With other technologies, you are probably used to monitoring actual resource consumption and comparing that with your node capacity. With Kubernetes, if the sum of container limits on a node is strictly greater than the sum of requests (minimum resources required), the node can be oversubscribed and containers might use more resources than they actually need, which is fine. Even if they use 100 percent of the available CPU resources on a node, for example, Kubernetes can still make room to schedule another pod on the node. Kubernetes would simply lower the CPU available to existing pods to free up resources for the new one, as long as all containers have enough resources to meet their request. That’s why monitoring the sum of requests on the node and making sure it never exceeds your node’s capacity is much more important than monitoring simple CPU or memory usage. If you don’t have enough capacity to meet the minimum resource requirements of all your containers, you should scale up your nodes’ capacity or add more nodes to distribute the workload.

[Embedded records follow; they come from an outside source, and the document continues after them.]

lemma nn_integral_bind_kernel_Pair:
  assumes K: "K \<in> M \<rightarrow>\<^sub>M prob_algebra N" and f: "f \<in> borel_measurable (M \<Otimes>\<^sub>M N)"
  shows "(\<integral>\<^sup>+z. f z \<partial>(M \<bind> (\<lambda>x. distr (K x) (M \<Otimes>\<^sub>M N) (\<lambda>y. (x, y)))))
    = (\<integral>\<^sup>+x. \<integral>\<^sup>+y. f (x, y) \<partial>K x \<partial>M)"
proof (subst nn_integral_bind[OF f measurable_prob_algebraD[OF measurable_kernel_Pair[OF K]]],
    rule nn_integral_cong)
  fix x assume x: "x \<in> space M"
  have "sets (K x) = sets N"
    using measurable_space[OF K x] by (simp add: space_prob_algebra)
  then have "(\<lambda>y. (x, y)) \<in> K x \<rightarrow>\<^sub>M M \<Otimes>\<^sub>M N"
    using measurable_Pair1'[OF x, of N] by (simp cong: measurable_cong_sets)
  then show "(\<integral>\<^sup>+z. f z \<partial>distr (K x) (M \<Otimes>\<^sub>M N) (\<lambda>y. (x, y))) = (\<integral>\<^sup>+y. f (x, y) \<partial>K x)"
    using f by (simp add: nn_integral_distr)
qed

lemma prob_space_supersample_base: "prob_space \<xi> \<Longrightarrow> prob_space (supersample_base n \<xi>)"
  unfolding supersample_base_def
  by (intro prob_space_pair prob_space_PiM prob_space_rademacher)

lemma measurable_train_kernel [measurable]:
  assumes [measurable]: "K \<in> PiM {..<n} (\<lambda>_. \<xi>) \<rightarrow>\<^sub>M prob_algebra MW"
  shows "(\<lambda>s. K (case s of (zm, zp, r) \<Rightarrow> select_train n zm zp r))
    \<in> supersample_base n \<xi> \<rightarrow>\<^sub>M prob_algebra MW"
  unfolding supersample_base_def select_train_eq_select_coords by measurable

lemma
  assumes "prob_space \<xi>" and "K \<in> PiM {..<n} (\<lambda>_. \<xi>) \<rightarrow>\<^sub>M prob_algebra MW"
  shows prob_space_supersample: "prob_space (supersample n \<xi> MW K)"
    and sets_supersample: "sets (supersample n \<xi> MW K) = sets (supersample_base n \<xi> \<Otimes>\<^sub>M MW)"
  unfolding supersample_def
  by (intro prob_space_bind_kernel_Pair sets_bind_kernel_Pair prob_space_supersample_base
      measurable_train_kernel assms)+

lemma
  assumes "prob_space \<xi>" and "K \<in> PiM {..<n} (\<lambda>_. \<xi>) \<rightarrow>\<^sub>M prob_algebra MW"
  shows prob_space_standard_law: "prob_space (standard_law n \<xi> MW K)"
    and sets_standard_law: "sets (standard_law n \<xi> MW K) = sets (PiM {..<n} (\<lambda>_. \<xi>) \<Otimes>\<^sub>M MW)"
  unfolding standard_law_def
  by (intro prob_space_bind_kernel_Pair sets_bind_kernel_Pair prob_space_PiM assms)+

lemma nn_integral_standard_law:
  "K \<in> PiM {..<n} (\<lambda>_. \<xi>) \<rightarrow>\<^sub>M prob_algebra MW \<Longrightarrow>
   f \<in> borel_measurable (PiM {..<n} (\<lambda>_. \<xi>) \<Otimes>\<^sub>M MW) \<Longrightarrow>
   (\<integral>\<^sup>+x. f x \<partial>standard_law n \<xi> MW K) = (\<integral>\<^sup>+z. \<integral>\<^sup>+w. f (z, w) \<partial>K z \<partial>PiM {..<n} (\<lambda>_. \<xi>))"
  unfolding standard_law_def by (rule nn_integral_bind_kernel_Pair)

lemma nn_integral_supersample:
  assumes "prob_space \<xi>" and K [measurable]: "K \<in> PiM {..<n} (\<lambda>_. \<xi>) \<rightarrow>\<^sub>M prob_algebra MW"
    and f [measurable]: "f \<in> borel_measurable (supersample_base n \<xi> \<Otimes>\<^sub>M MW)"
  shows "(\<integral>\<^sup>+x. f x \<partial>supersample n \<xi> MW K) =
    (\<integral>\<^sup>+zm. \<integral>\<^sup>+zp. \<integral>\<^sup>+r. \<integral>\<^sup>+w. f ((zm, zp, r), w) \<partial>K (select_train n zm zp r)
        \<partial>PiM {..<n} (\<lambda>_. rademacher) \<partial>PiM {..<n} (\<lambda>_. \<xi>) \<partial>PiM {..<n} (\<lambda>_. \<xi>))"
proof -
  let ?Z = "PiM {..<n} (\<lambda>_. \<xi>)" and ?R = "PiM {..<n} (\<lambda>_. rademacher)"
  interpret Z: prob_space ?Z by (intro prob_space_PiM \<open>prob_space \<xi>\<close>)
  interpret R: prob_space ?R by (intro prob_space_PiM prob_space_rademacher)
  interpret ZR: prob_space "?Z \<Otimes>\<^sub>M ?R" by (intro prob_space_pair Z.prob_space_axioms R.prob_space_axioms)
  define G where "G s = (\<integral>\<^sup>+w. f (s, w) \<partial>K (case s of (zm, zp, r) \<Rightarrow> select_train n zm zp r))" for s
  have [measurable]: "G \<in> borel_measurable (supersample_base n \<xi>)"
    unfolding G_def
    by (rule nn_integral_measurable_subprob_algebra2[OF _ measurable_prob_algebraD[OF measurable_train_kernel[OF K]]]) measurable
  then have G [measurable]: "G \<in> borel_measurable (?Z \<Otimes>\<^sub>M ?Z \<Otimes>\<^sub>M ?R)"
    by (simp add: supersample_base_def)
  have "(\<integral>\<^sup>+x. f x \<partial>supersample n \<xi> MW K) = (\<integral>\<^sup>+s. G s \<partial>supersample_base n \<xi>)"
    unfolding supersample_def G_def by (rule nn_integral_bind_kernel_Pair[OF measurable_train_kernel[OF K] f])
  also have "\<dots> = (\<integral>\<^sup>+zm. \<integral>\<^sup>+zr. G (zm, zr) \<partial>(?Z \<Otimes>\<^sub>M ?R) \<partial>?Z)"
    unfolding supersample_base_def by (rule ZR.nn_integral_fst[symmetric]) measurable
  also have "\<dots> = (\<integral>\<^sup>+zm. \<integral>\<^sup>+zp. \<integral>\<^sup>+r. G (zm, zp, r) \<partial>?R \<partial>?Z \<partial>?Z)"
    by (intro nn_integral_cong R.nn_integral_fst[symmetric]) measurable
  finally show ?thesis
    by (simp add: G_def)
qed
lemma Gamma_to_A_bij: "bij_betw (Gamma_to_A n) (carrier (Gamma_ring T n)) (carrier (A_ring T n))"
proof (rule bij_betw_imageI)
  show "inj_on (Gamma_to_A n) (carrier (Gamma_ring T n))"
  proof (rule inj_onI)
    fix f g assume f: "f \<in> carrier (Gamma_ring T n)" and g: "g \<in> carrier (Gamma_ring T n)"
      and "Gamma_to_A n f = Gamma_to_A n g"
    then have fg: "f (weight m) = g (weight m)" if "weight m \<le> n" for m
      using that by (simp add: Gamma_to_A_def A_class_eq_iff)
    show "f = g"
    proof
      fix k
      show "f k = g k"
      proof (cases "0 < k \<and> k \<le> n")
        case True
        then obtain m where "k = weight m" using range_weight by blast
        then show ?thesis using fg True by simp
      qed (use f g in \<open>auto simp: Gamma_ring_def\<close>)
    qed
  qed
  show "Gamma_to_A n ` carrier (Gamma_ring T n) = carrier (A_ring T n)"
  proof (intro equalityI subsetI)
    fix X assume "X \<in> carrier (A_ring T n)"
    then obtain a where X: "X = A_class n a" by (auto simp: carrier_A_ring)
    define f where "f k = (if 0 < k \<and> k \<le> n then a (inv_into UNIV weight k) else 0)" for k
    have "f \<in> carrier (Gamma_ring T n)" by (simp add: Gamma_ring_def f_def)
    moreover have "X = Gamma_to_A n f"
      unfolding X Gamma_to_A_def A_class_eq_iff f_def using weight_pos inj_weight by simp
    ultimately show "X \<in> Gamma_to_A n ` carrier (Gamma_ring T n)" by blast
  qed (auto simp: Gamma_to_A_def carrier_A_ring)
qed

lemma Gamma_to_A_smult:
  "Gamma_to_A n (\<lambda>m. c * f m) = (I_ideal T n +>\<^bsub>PS_ring T\<^esub> PS_const c) \<otimes>\<^bsub>A_ring T n\<^esub> Gamma_to_A n f"
  unfolding r_coset_I_ideal Gamma_to_A_def mult_A_ring A_class_eq_iff
  by (simp add: ps_mult_PS_const)

theorem mainTheorem5:
  fixes n :: nat
  assumes "n \<ge> 1"
  shows "\<exists>\<phi>. K_alg_iso TYPE('a::field_char_0) n \<phi>"
proof
  show "K_alg_iso TYPE('a) n (Gamma_to_A n)"
    unfolding K_alg_iso_def ring_iso_def
    using Gamma_to_A_ring_hom Gamma_to_A_bij Gamma_to_A_smult by blast
qed

end
lemma midpoint_in_convex:
  assumes "convex S" "a \<in> S" "b \<in> S"
  shows "midpoint a b \<in> S"
  using closed_segment_subset[OF assms(2,3,1)] midpoint_in_closed_segment by blast

lemma convex_on_midpoint_descent:
  assumes "convex_on S f" "a \<in> S" "b \<in> S" "0 \<le> t" "t \<le> 1/2"
  shows "f (a + t *\<^sub>R (b - a)) \<le> f a + t * (f b - f a) - 2 * t * ((f a + f b) / 2 - f (midpoint a b))"
proof -
  have "midpoint a b \<in> S"
    using assms(1-3) by (auto simp: convex_on_def intro: midpoint_in_convex)
  moreover have "a + t *\<^sub>R (b - a) = (1 - 2 * t) *\<^sub>R a + (2 * t) *\<^sub>R midpoint a b"
    by (simp add: midpoint_def algebra_simps flip: scaleR_2)
  ultimately have "f (a + t *\<^sub>R (b - a)) \<le> (1 - 2 * t) * f a + (2 * t) * f (midpoint a b)"
    using convex_onD[OF assms(1), of "2 * t" a "midpoint a b"] assms(2,4,5) by simp
  then show ?thesis by (simp add: field_simps)
qed

lemma u_merit_eq_SUP_merit_gap: "u_merit l m F S x = (SUP y\<in>S. merit_gap l m F x y)"
  by (simp add: u_merit_def merit_gap_def)

lemma merit_gap_le: "j < m \<Longrightarrow> merit_gap l m F x y \<le> F j x - F j y - l / 2 * (norm (x - y))\<^sup>2"
  unfolding merit_gap_def by (rule Min_le) auto

lemma merit_gap_attained:
  assumes "0 < m"
  obtains j where "j < m" "merit_gap l m F x y = F j x - F j y - l / 2 * (norm (x - y))\<^sup>2"
proof -
  have "merit_gap l m F x y \<in> (\<lambda>i. F i x - F i y - l / 2 * (norm (x - y))\<^sup>2) ` {..<m}"
    unfolding merit_gap_def using assms by (intro Min_in) auto
  then show thesis using that by auto
qed

lemma merit_gap_greatest:
  assumes "0 < m" "\<And>i. i < m \<Longrightarrow> c \<le> F i x - F i y - l / 2 * (norm (x - y))\<^sup>2"
  shows "c \<le> merit_gap l m F x y"
  unfolding merit_gap_def using assms by (subst Min_ge_iff) auto

lemma merit_gap_self: "0 < m \<Longrightarrow> merit_gap l m F x x = 0"
  using merit_gap_le[of 0 m l F x x] merit_gap_greatest[of m 0 F x x l] by simp

lemma continuous_on_merit_gap:
  assumes "0 < m" "\<And>i. i < m \<Longrightarrow> continuous_on S (F i)"
  shows "continuous_on S (merit_gap l m F x)"
  unfolding merit_gap_def using assms
  by (intro continuous_on_Min) (auto intro!: continuous_intros)
text \<open>The numbers \<open>(3j\<^sup>2 \<plusminus> j)/2\<close> are the values of the injective map \<open>j \<mapsto> (3j\<^sup>2 - j)/2\<close>
  on \<open>\<int>\<close>; this makes the \<open>THE\<close> in the definition of \<open>omega\<close> well defined.\<close>
lemma generalized_pentagonal_unique:
  fixes j k m :: int
  assumes "j \<ge> 1" "k \<ge> 1"
    and "2 * m = 3 * j^2 + j \<or> 2 * m = 3 * j^2 - j"
    and "2 * m = 3 * k^2 + k \<or> 2 * m = 3 * k^2 - k"
  shows "j = k"
proof -
  have "j + k \<noteq> 0" "3 * j + 3 * k + 1 \<noteq> 0" "3 * j + 3 * k - 1 \<noteq> 0"
    using assms(1,2) by simp_all
  moreover have "3 * (j - k) + 1 \<noteq> 0" "3 * (j - k) - 1 \<noteq> 0" by presburger+
  moreover have "(j - k) * (3 * j + 3 * k + 1) = 0" if "3 * j^2 + j = 3 * k^2 + k"
    using that by (simp add: algebra_simps power2_eq_square)
  moreover have "(j - k) * (3 * j + 3 * k - 1) = 0" if "3 * j^2 - j = 3 * k^2 - k"
    using that by (simp add: algebra_simps power2_eq_square)
  moreover have "(3 * (j - k) + 1) * (j + k) = 0" if "3 * j^2 + j = 3 * k^2 - k"
    using that by (simp add: algebra_simps power2_eq_square)
  moreover have "(3 * (j - k) - 1) * (j + k) = 0" if "3 * j^2 - j = 3 * k^2 + k"
    using that by (simp add: algebra_simps power2_eq_square)
  ultimately show ?thesis using assms(3,4) by (metis eq_iff_diff_eq_0 mult_eq_0_iff)
qed

lemma pentagonal_index_unique:
  assumes "i \<ge> 1" "j \<ge> 1" "pent_minus i = m \<or> pent_plus i = m" "pent_minus j = m \<or> pent_plus j = m"
  shows "i = j"
proof -
  have "2 * int m = 3 * int i ^ 2 + int i \<or> 2 * int m = 3 * int i ^ 2 - int i"
    using assms(3) two_pent_minus_int[of i] two_pent_plus_int[of i] by auto
  moreover have "2 * int m = 3 * int j ^ 2 + int j \<or> 2 * int m = 3 * int j ^ 2 - int j"
    using assms(4) two_pent_minus_int[of j] two_pent_plus_int[of j] by auto
  ultimately show ?thesis
    using generalized_pentagonal_unique[of "int i" "int j" "int m"] assms(1,2) by simp
qed
(* Let $d\ge 1$ and $k\ge d-1$ be integers. Then every injective function $f\colon S^k\to\mathbb{R}^d$ (not assumed continuous) satisfies $\alpha(f)\ge c_{d-1,k}$.
   Context: For a topological space $X$ and a metric space $Y$, the modulus of discontinuity of a function $g\colon X\to Y$ is $\delta(g)=\inf\{\delta\ge 0 : \text{for every } x\in X \text{ there is an open neighborhood } U_x \text{ of } x \text{ with } \operatorname{diam}(g(U_x))\le\delta\}$. The unit sphere $S^{m}$ carries the geodesic (angle) metric $d(u,v)=\arccos\langle u,v\rangle$. For a topological space $X$, $\mathrm{Conf}_2(X)=\{(x,y)\in X\times X: x\neq y\}$ with the subspace topology. For an injective function $f\colon X\to\mathbb{R}^d$, define $\Phi_f\colon \mathrm{Conf}_2(X)\to S^{d-1}$ by $\Phi_f(x,y)=\frac{f(x)-f(y)}{\|f(x)-f(y)\|}$ and $\alpha(f)=\delta(\Phi_f)$. For a metric space $Y$ and $r\ge 0$, the Vietoris–Rips complex $\mathrm{VR}(Y;r)$ is the simplicial complex with vertex set $Y$ whose simplices are the finite subsets of $Y$ of diameter $\le r$ (considered via its geometric realization). For integers $k\ge n\ge 0$, $c_{n,k}=\inf\{r\ge 0: \text{there exists a continuous map } S^k\to\mathrm{VR}(S^n;r) \text{ commuting with the } \mathbb{Z}/2\text{-actions}\}$, where $\mathbb{Z}/2$ acts antipodally on $S^k$ and on $\mathrm{VR}(S^n;r)$ via the simplicial map induced by the antipodal map of $S^n$. *)

theory Defs
  imports "HOL-Analysis.Analysis"
begin

definition geod :: "'a::real_inner \<Rightarrow> 'a \<Rightarrow> real" where
  "geod u v = arccos (inner u v)"

definition mdiam :: "('b \<Rightarrow> 'b \<Rightarrow> real) \<Rightarrow> 'b set \<Rightarrow> real" where
  "mdiam dist' A = Sup {dist' a b | a b. a \<in> A \<and> b \<in> A}"

definition mod_disc :: "'a topology \<Rightarrow> ('b \<Rightarrow> 'b \<Rightarrow> real) \<Rightarrow> ('a \<Rightarrow> 'b) \<Rightarrow> real" where
  "mod_disc X dist' g = Inf {\<delta>. \<delta> \<ge> 0 \<and>
     (\<forall>x\<in>topspace X. \<exists>U. openin X U \<and> x \<in> U \<and> mdiam dist' (g ` U) \<le> \<delta>)}"

definition Conf2 :: "'a topology \<Rightarrow> ('a \<times> 'a) topology" where
  "Conf2 X = subtopology (prod_topology X X) {(x, y). x \<noteq> y}"

definition Phi :: "('a \<Rightarrow> 'd::real_normed_vector) \<Rightarrow> 'a \<times> 'a \<Rightarrow> 'd" where
  "Phi f p = (case p of (x, y) \<Rightarrow> (1 / norm (f x - f y)) *\<^sub>R (f x - f y))"

text \<open>alpha(f) for f defined on the unit sphere S^k of 'k (so k = DIM('k) - 1).\<close>
definition alpha :: "('k::euclidean_space \<Rightarrow> 'd::euclidean_space) \<Rightarrow> real" where
  "alpha f = mod_disc (Conf2 (subtopology euclidean (sphere (0::'k) 1))) geod (Phi f)"

text \<open>Vietoris--Rips complex VR(Y;r) (metric dist'), geometric realization with the
  weak (coherent) topology.  Points are finitely supported weight functions.\<close>
definition VR_simplex :: "('b \<Rightarrow> 'b \<Rightarrow> real) \<Rightarrow> 'b set \<Rightarrow> real \<Rightarrow> 'b set \<Rightarrow> bool" where
  "VR_simplex dist' Y r \<sigma> \<longleftrightarrow> finite \<sigma> \<and> \<sigma> \<noteq> {} \<and> \<sigma> \<subseteq> Y \<and>
      (\<forall>a\<in>\<sigma>. \<forall>b\<in>\<sigma>. dist' a b \<le> r)"

definition closed_simplex :: "'b set \<Rightarrow> ('b \<Rightarrow> real) set" where
  "closed_simplex \<sigma> = {w. (\<forall>y. 0 \<le> w y) \<and> (\<forall>y. y \<notin> \<sigma> \<longrightarrow> w y = 0) \<and> sum w \<sigma> = 1}"

definition VR_carrier :: "('b \<Rightarrow> 'b \<Rightarrow> real) \<Rightarrow> 'b set \<Rightarrow> real \<Rightarrow> ('b \<Rightarrow> real) set" where
  "VR_carrier dist' Y r = \<Union>{closed_simplex \<sigma> | \<sigma>. VR_simplex dist' Y r \<sigma>}"

definition VR_top :: "('b \<Rightarrow> 'b \<Rightarrow> real) \<Rightarrow> 'b set \<Rightarrow> real \<Rightarrow> ('b \<Rightarrow> real) topology" where
  "VR_top dist' Y r = topology (\<lambda>U. U \<subseteq> VR_carrier dist' Y r \<and>
     (\<forall>\<sigma>. VR_simplex dist' Y r \<sigma> \<longrightarrow>
        openin (subtopology euclidean (closed_simplex \<sigma>)) (U \<inter> closed_simplex \<sigma>)))"

definition c_const :: "'k::euclidean_space itself \<Rightarrow> 'n::euclidean_space itself \<Rightarrow> real" where
  "c_const _ _ = Inf {r. r \<ge> 0 \<and> (\<exists>F. continuous_map (subtopology euclidean (sphere (0::'k) 1))
        (VR_top geod (sphere (0::'n) 1) r) F \<and>
      (\<forall>x\<in>sphere (0::'k) 1. F (- x) = (\<lambda>y. F x (- y))))}"

end

theory Submission
  imports Defs
begin

text \<open>Let \<delta> be admissible for the modulus of discontinuity of \<open>Phi f\<close>. Restricted to antipodal
  pairs, \<open>g z = Phi f (z, -z)\<close> is an odd map from \<open>S\<^sup>k\<close> to \<open>S\<^sup>d\<^sup>-\<^sup>1\<close> that sends a neighbourhood
  of every point to a set of geodesic diameter at most \<delta>. Choose a finite, antipodally symmetric
  set of centres whose small balls cover \<open>S\<^sup>k\<close>, so small that all centres near a common point have
  \<delta>-close images. The bump functions of these balls form a partition of unity, and sending \<open>z\<close>
  to the convex combination of the vertices \<open>g c\<close> weighted by it is a continuous
  \<open>\<int>/2\<close>-equivariant map \<open>S\<^sup>k \<rightarrow> VR(S\<^sup>d\<^sup>-\<^sup>1; \<delta>)\<close>. Hence \<open>c\<^sub>d\<^sub>-\<^sub>1\<^sub>,\<^sub>k \<le> \<delta>\<close> for every
  such \<delta>, and so \<open>c\<^sub>d\<^sub>-\<^sub>1\<^sub>,\<^sub>k \<le> \<alpha>(f)\<close>.\<close>

section \<open>The topology of the Vietoris--Rips complex\<close>

lemma istopology_VR:
  "istopology (\<lambda>U. U \<subseteq> VR_carrier dist' Y r \<and>
     (\<forall>\<sigma>. VR_simplex dist' Y r \<sigma> \<longrightarrow>
        openin (top_of_set (closed_simplex \<sigma>)) (U \<inter> closed_simplex \<sigma>)))"
  unfolding istopology_def
proof safe
  fix S T \<sigma>
  assume "S \<subseteq> VR_carrier dist' Y r" "T \<subseteq> VR_carrier dist' Y r"
   "\<forall>\<sigma>. VR_simplex dist' Y r \<sigma> \<longrightarrow> openin (top_of_set (closed_simplex \<sigma>)) (S \<inter> closed_simplex \<sigma>)"
   "\<forall>\<sigma>. VR_simplex dist' Y r \<sigma> \<longrightarrow> openin (top_of_set (closed_simplex \<sigma>)) (T \<inter> closed_simplex \<sigma>)"
   "VR_simplex dist' Y r \<sigma>"
  then have "openin (top_of_set (closed_simplex \<sigma>)) ((S \<inter> closed_simplex \<sigma>) \<inter> (T \<inter> closed_simplex \<sigma>))"
    by (simp add: openin_Int)
  then show "openin (top_of_set (closed_simplex \<sigma>)) (S \<inter> T \<inter> closed_simplex \<sigma>)"
    by (simp add: Int_ac)
next
  fix K \<sigma>
  assume "\<forall>S\<in>K. S \<subseteq> VR_carrier dist' Y r \<and>
       (\<forall>\<sigma>. VR_simplex dist' Y r \<sigma> \<longrightarrow> openin (top_of_set (closed_simplex \<sigma>)) (S \<inter> closed_simplex \<sigma>))"
    "VR_simplex dist' Y r \<sigma>"
  then have "openin (top_of_set (closed_simplex \<sigma>)) (\<Union>((\<lambda>S. S \<inter> closed_simplex \<sigma>) ` K))"
    by (intro openin_Union) auto
  moreover have "\<Union>((\<lambda>S. S \<inter> closed_simplex \<sigma>) ` K) = \<Union>K \<inter> closed_simplex \<sigma>" by auto
  ultimately show "openin (top_of_set (closed_simplex \<sigma>)) (\<Union>K \<inter> closed_simplex \<sigma>)" by simp
qed auto

lemma openin_VR_top:
  "openin (VR_top dist' Y r) U \<longleftrightarrow> U \<subseteq> VR_carrier dist' Y r \<and>
     (\<forall>\<sigma>. VR_simplex dist' Y r \<sigma> \<longrightarrow>
        openin (top_of_set (closed_simplex \<sigma>)) (U \<inter> closed_simplex \<sigma>))"
  unfolding VR_top_def by (simp add: topology_inverse'[OF istopology_VR])

lemma closed_simplex_subset_VR_carrier:
  "VR_simplex dist' Y r \<sigma> \<Longrightarrow> closed_simplex \<sigma> \<subseteq> VR_carrier dist' Y r"
  unfolding VR_carrier_def by blast

lemma topspace_VR_top: "topspace (VR_top dist' Y r) = VR_carrier dist' Y r"
proof
  show "topspace (VR_top dist' Y r) \<subseteq> VR_carrier dist' Y r"
    using openin_VR_top openin_topspace by blast
  have "openin (VR_top dist' Y r) (VR_carrier dist' Y r)"
    unfolding openin_VR_top by (auto simp: Int_absorb1 closed_simplex_subset_VR_carrier)
  then show "VR_carrier dist' Y r \<subseteq> topspace (VR_top dist' Y r)"
    by (rule openin_subset)
qed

Kubernetes memory and CPU per host

Having some oversubscription on your nodes can be good in many cases since it can help reduce the number of nodes in your Kubernetes cluster. You can tune the request/limit ratio by monitoring it over time and tracking how it impacts your container resource usage.

Note that since version 1.3 Kubernetes offers auto-scaling capabilities for Google Compute Engine and Google Container Engine (AWS support should come soon). So on those platforms Kubernetes can now adjust the number pods in a deployment, replica set, or replication controller based on CPU utilization (support for other auto-scaling triggers is in alpha).

Container resource metrics

As explained in the section about container metrics, some statistics reported by Docker should be also monitored as they provide deeper (and more accurate) insights. The CPU throttling metric is a great example, as it represents the number of times a container hit its specified limit.

Disk usage and I/O

The percentage of disk in use is generally more useful than the volume of disk usage, since the thresholds of concern won’t depend on the size of your clusters. You should graph its evolution over time and trigger an alert if it exceeds 80% for example.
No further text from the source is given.